* _EXERCISE_
How many lines in the records below contain the word "fixes"? Answer with the number and nothing else.

* _MATERIAL SUPPLIED_
lemma regular_along_chain_family:
  assumes M: "continuous_moves M" and A: "smooth_wrt M V A" and AN: "\<And>x. x \<in> V \<Longrightarrow> (x, A x) \<in> N"
    and F: "F \<in> chain_family M V N A"
  shows "regular_along M V (chain_family M V N A) F"
  using F
proof (induction rule: chain_family.induct)
  case (graph G)
  have "continuous_on V (\<lambda>x. (x, A x))"
    by (intro continuous_intros smooth_wrt_continuous_on[OF A])
  then have "continuous_on V (\<lambda>x. G (x, A x))"
    by (rule continuous_on_compose2[OF smooth_wrt_continuous_on[OF graph]]) (use AN in auto)
  then show ?case
  proof (rule regular_alongI)
    fix mv assume mv: "mv \<in> M"
    show "\<exists>G'\<in>chain_family M V N A. \<forall>x\<in>V.
        ((\<lambda>t. G (mv t x, A (mv t x))) has_vector_derivative G' x) (at 0)"
      by (rule bexI[OF _ chain_family_graph_derivative[OF M mv A graph]])
        (auto intro: has_vector_derivative_graph[OF M mv A _ graph AN])
  qed
next
  case (scaleR r F)
  have "(\<lambda>x. r x *\<^sub>R G x + dir_deriv r mv x *\<^sub>R F x) \<in> chain_family M V N A"
    if "mv \<in> M" "G \<in> chain_family M V N A" for mv G
    using that scaleR.hyps smooth_wrt_dir_deriv[OF scaleR.hyps(1) that(1)]
    by (intro chain_family.add chain_family.scaleR)
  then show ?case
    by (rule regular_along_scaleR[OF M scaleR.hyps(1) scaleR.IH])
next
  case (add F1 F2)
  then show ?case
    by (intro regular_along_add chain_family.add)
qed

lemma smooth_wrt_compose_graph:
  fixes A :: "'x::topological_space \<Rightarrow> 'e::euclidean_space" and G :: "'x \<times> 'e \<Rightarrow> 'b::real_normed_vector"
  assumes M: "continuous_moves M" and A: "smooth_wrt M V A"
    and G: "smooth_wrt (product_moves M) N G" and AN: "\<And>x. x \<in> V \<Longrightarrow> (x, A x) \<in> N"
  shows "smooth_wrt M V (\<lambda>x. G (x, A x))"
  using regular_along_chain_family[OF M A AN] chain_family.graph[OF G]
  by (rule smooth_wrt_regular_family[OF M smooth_wrt_open[OF A]])

lemma smooth_wrt_compose_smooth_on:
  fixes A :: "'x::topological_space \<Rightarrow> 'e::euclidean_space" and g :: "'e \<Rightarrow> 'b::real_normed_vector"
  assumes M: "continuous_moves M" and A: "smooth_wrt M V A"
    and g: "smooth_on W g" and AW: "\<And>x. x \<in> V \<Longrightarrow> A x \<in> W"
  shows "smooth_wrt M V (\<lambda>x. g (A x))"
proof -
  have "smooth_wrt (product_moves M) (UNIV \<times> W) (\<lambda>p. g (snd p))"
  proof (rule smooth_wrt_compose_intertwining[OF smooth_wrt_insert_stationary[OF g[unfolded smooth_on_def]]])
    show "open (UNIV \<times> W)"
      using g unfolding smooth_on_def by (simp add: open_Times smooth_wrt_open)
    show "snd ` (UNIV \<times> W) \<subseteq> W"
      by auto
    fix mv' :: "real \<Rightarrow> 'x \<times> 'e \<Rightarrow> 'x \<times> 'e" assume "mv' \<in> product_moves M"
    then show "\<exists>mv\<in>insert (\<lambda>t q. q) euclid_moves. \<forall>t p. snd (mv' t p) = mv t (snd p)"
      unfolding product_moves_def lift_move_def axis_move_def euclid_moves_def by auto
  qed (intro continuous_intros)
  then have "smooth_wrt M V (\<lambda>x. (\<lambda>p. g (snd p)) (x, A x))"
    using smooth_wrt_compose_graph[OF M A] AW by blast
  then show ?thesis
    by simp
qed

section \<open>Windows of shifted variables\<close>

definition win_move :: "int \<Rightarrow> 'a::real_vector \<Rightarrow> real \<Rightarrow> (int \<Rightarrow> 'a) \<Rightarrow> int \<Rightarrow> 'a" where
  "win_move j b = (\<lambda>t w. w(j := w j + t *\<^sub>R b))"

lemma win_moves_eq: "win_moves W = {win_move j b | j b. j \<in> W \<and> b \<in> Basis}"
  unfolding win_moves_def win_move_def ..

lemma win_move_in_win_moves: "j \<in> W \<Longrightarrow> b \<in> Basis \<Longrightarrow> win_move j b \<in> win_moves W"
  unfolding win_moves_eq by blast

lemma win_moves_mono: "W \<subseteq> W' \<Longrightarrow> win_moves W \<subseteq> win_moves W'"
  unfolding win_moves_def by blast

* _WRITTEN SOLUTION_
2